The L is easiest. Once one would have gone through the E part, plus some T sauce. Not this. The T sauce, this one, however is too hot to handle.
Since it is so error-prone. Error, as in accidental human failing at the medium, data, information and ethical levels. Error, as in failing in bad faith, at the same levels. Bias, anyone?
Problem being, when there would be e.g., bias in the source data, does one toss the respective data points out? Or might they contain valid information [Note: I take it you understand the most kindergarten basic concept of discrimination: distinguishing people on irrelevant criteria – what to do when the criteria are relevant!?] that one misses when dismissing the misfits outright, even before one has a chance to find out whether they had some role in the original data. Ethically-unwantedly biased or not.
And how good would a human be at detecting biases in source data ..? Not very. The very value of many a latter-day ML tool is in finding those hidden patterns that we miss. The experts miss.
Plus, how would you correct? If one were to leave out all cases where it turned out that bias played a role, you’ll end up with ideal cases only. But then your trained ML system will give results that are incomparable with (past) practice and for effective (… → later on) and efficient ML-trained rule-based systems development, one needs to optimise the fit with the past. That’s where your F1 score comes from. Mess with the source data, destroy the learning results.

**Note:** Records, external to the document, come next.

theorem lemma3p2:
  fixes D :: "(nat \<Rightarrow> bool) set" and d :: "nat \<Rightarrow> nat \<Rightarrow> bool"
    and I0 :: "'i set"  \<comment> \<open>index set of cardinality kappa_0 = cov(E)\<close>
    and Z :: "'i \<Rightarrow> (nat \<Rightarrow> bool) set"
    and C :: "'i \<Rightarrow> nat \<Rightarrow> (nat \<Rightarrow> bool) set"
    and JJ :: "'i set set"
    and r :: "'k rel"  \<comment> \<open>cardinal well-order of type kappa\<close>
    and z :: 'k
    and A :: "'k \<Rightarrow> (nat \<Rightarrow> bool) set set"
    and \<mu> :: "'k \<Rightarrow> (nat \<Rightarrow> bool) set \<Rightarrow> real"
  assumes D_countable: "countable D" and D_dense: "closure D = UNIV"
    and d_bij: "bij_betw d UNIV D"
    \<comment> \<open>Z covers, closed null sets, with clopen decreasing approximations\<close>
    and Z_closed: "\<forall>\<alpha>\<in>I0. closed (Z \<alpha>)"
    and Z_null: "\<forall>\<alpha>\<in>I0. Z \<alpha> \<in> null_sets lam"
    and Z_cover: "(\<Union>\<alpha>\<in>I0. Z \<alpha>) = UNIV"
    and C_clopen: "\<forall>\<alpha>\<in>I0. \<forall>k. clopen (C \<alpha> k)"
    and C_decr: "\<forall>\<alpha>\<in>I0. \<forall>k. C \<alpha> (Suc k) \<subseteq> C \<alpha> k"
    and Z_eq: "\<forall>\<alpha>\<in>I0. Z \<alpha> = (\<Inter>k. C \<alpha> k)"
    \<comment> \<open>|I0| = kappa_0 = cov(E)\<close>
    and kappa0_min: "\<forall>F. F \<subseteq> nullE \<and> \<Union>F = UNIV \<longrightarrow> (card_of I0, card_of F) \<in> ordLeq"
    \<comment> \<open>r is a cardinal (initial ordinal) equal to kappa = cof([kappa_0]^{<=omega})\<close>
    and r_card: "Card_order r"
    and kappa_min: "\<forall>F. F \<subseteq> {X. X \<subseteq> I0 \<and> countable X} \<and>
                        (\<forall>Y. Y \<subseteq> I0 \<and> countable Y \<longrightarrow> (\<exists>X\<in>F. Y \<subseteq> X))
                        \<longrightarrow> (r, card_of F) \<in> ordLeq"
    \<comment> \<open>JJ: cofinal family of countable subsets of I0 of size kappa\<close>
    and JJ_sub: "JJ \<subseteq> {X. X \<subseteq> I0 \<and> countable X}"
    and JJ_cofinal: "\<forall>Y. Y \<subseteq> I0 \<and> countable Y \<longrightarrow> (\<exists>J\<in>JJ. Y \<subseteq> J)"
    and JJ_card: "(card_of JJ, r) \<in> ordIso"
    \<comment> \<open>z is the least element (index 0) of r\<close>
    and z_field: "z \<in> Field r" and z_least: "\<forall>\<xi>\<in>Field r. (z, \<xi>) \<in> r"
    \<comment> \<open>0-th terms\<close>
    and A_zero: "A z = A0 D"
    and mu_zero: "\<forall>C' F. clopen C' \<and> finite F \<and> F \<subseteq> D \<longrightarrow>
                     \<mu> z (((C' \<inter> D) - F) \<union> (F - (C' \<inter> D))) = measure lam C'"
    \<comment> \<open>increasing\<close>
    and A_incr: "\<forall>\<xi> \<eta>. (\<xi>, \<eta>) \<in> r \<longrightarrow> A \<xi> \<subseteq> A \<eta>"
    \<comment> \<open>(i)\<close>
    and cond_i: "\<forall>\<xi>\<in>Field r. (card_of (A \<xi>), r) \<in> ordLess"
    \<comment> \<open>(ii)\<close>
    and cond_ii: "\<forall>\<xi>\<in>Field r. asp_fa_prob_measure D (A \<xi>) (\<mu> \<xi>)"
    \<comment> \<open>(iii)\<close>
    and cond_iii: "\<forall>\<xi> \<eta>. (\<xi>, \<eta>) \<in> r \<and> \<xi> \<noteq> \<eta> \<longrightarrow> (\<forall>X\<in>A \<xi>. \<mu> \<eta> X = \<mu> \<xi> X)"
    \<comment> \<open>(iv)\<close>
    and cond_iv: "\<forall>J\<in>JJ. \<exists>\<phi>. X_phi D d C J \<phi> \<in> (\<Union>\<xi>\<in>Field r. A \<xi>) \<and>
                              infinite (D - X_phi D d C J \<phi>)"
  shows "(\<exists>\<nu>. asp_fa_prob_measure D (\<Union>\<xi>\<in>Field r. A \<xi>) \<nu>) \<and>
         \<not> sigma_centred_mod_fin (\<Union>\<xi>\<in>Field r. A \<xi>)"
proof -
  have total: "(\<xi>, \<eta>) \<in> r \<or> (\<eta>, \<xi>) \<in> r" if "\<xi> \<in> Field r" "\<eta> \<in> Field r" for \<xi> \<eta>
    using wo_rel.TOTALS[of r] card_order_on_well_order_on[OF r_card] that by (simp add: wo_rel_def)
  have directed: "\<exists>\<theta>\<in>Field r. A \<xi> \<union> A \<eta> \<subseteq> A \<theta>" if "\<xi> \<in> Field r" "\<eta> \<in> Field r" for \<xi> \<eta>
    using total[OF that] A_incr that by blast
  have compatible: "\<mu> \<xi> X = \<mu> \<eta> X"
    if "\<xi> \<in> Field r" "\<eta> \<in> Field r" "X \<in> A \<xi>" "X \<in> A \<eta>" for \<xi> \<eta> X
    using total[OF that(1,2)] cond_iii that(3,4) by (cases "\<xi> = \<eta>") auto
  have nonempty: "Field r \<noteq> {}"
    using z_field by blast
  have algebra: "algebra D (\<Union>\<xi>\<in>Field r. A \<xi>)"
    using cond_ii by (intro algebra_UN_directed[OF nonempty _ directed])
      (simp add: asp_fa_prob_measure_def fa_prob_measure_def)
  have cover: "(\<Union>\<alpha>\<in>I0. \<Inter>k. C \<alpha> k) = UNIV"
    using Z_cover Z_eq by simp
  have "\<not> sigma_centred_mod_fin (\<Union>\<xi>\<in>Field r. A \<xi>)"
  proof (rule not_sigma_centred_mod_fin[OF algebra cover])
    show "open (C \<alpha> k)" if "\<alpha> \<in> I0" for \<alpha> k
      using C_clopen that by (simp add: clopen_def)
    show "\<exists>J\<in>JJ. Y \<subseteq> J" if "Y \<subseteq> I0" "countable Y" for Y
      using JJ_cofinal that by blast
    show "\<exists>\<phi>. X_phi D d C J \<phi> \<in> (\<Union>\<xi>\<in>Field r. A \<xi>) \<and> infinite (D - X_phi D d C J \<phi>)"
      if "J \<in> JJ" for J
      using cond_iv that by blast
  qed
  then show ?thesis
    using asp_fa_prob_measure_UN_directed[OF nonempty cond_ii[rule_format] directed compatible] by blast
qed

end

Above, what to do with later continued learning where self-learing, unsupervised, is all the rage?
In between already, when one prunes to get out the rules one wants and dismisses others, why not turn all found patterns and rules, into a classical expert system, without or preferably with, fuzzy logic? Most explainable, transparent…
But above all, what is ethically unwanted ..? Apparently, the inputs lead to relevant outcomes as they turn out to exist in the source bias. The ML is there to detect such patterns; if there would be no relevance, no pattern would be calculated (sic; and leaving aside small-sample errors that aren’t biases but just errors).
Rather, who determines the vague ideas of what ‘society’ happens to consider just, for some time ..!? E.g., many Western societies have a core of values that are proclaimed to be based on Christianity; either some interpretation of how Jesus Christ’s words would apply in those later centuries, i.e., big fat interpretations on very often shady hidden intents, or hearkening back to the original intent as much as possible – where JS (as a full-on Jew) and those of any intellectual propensity above ignorant peasant level, would have found the idea that salvation or support for one’s neighbours would be available for non-Jews quite despicable, bordering on the unthinkable. The Golden Rule wouldn’t apply to anyone outside the close circle… All ‘ethical’ discussions since are very time- and circumstance-bound even when putting it mildly. As e.g., ‘democracy’ is so much on the decline around the world [fact]. And people don’t care about millions starving but do care about stray dogs in the same countries. Those against discrimination don’t bat an eye over discrimination of e.g., white male elderly (over 30) on the job market. When one wants to ‘correct’ a bias through some measure of equally low or worse moral value, one has no right to enforce [what one loathes oneself; or you’re in breach of the Golden Rule again].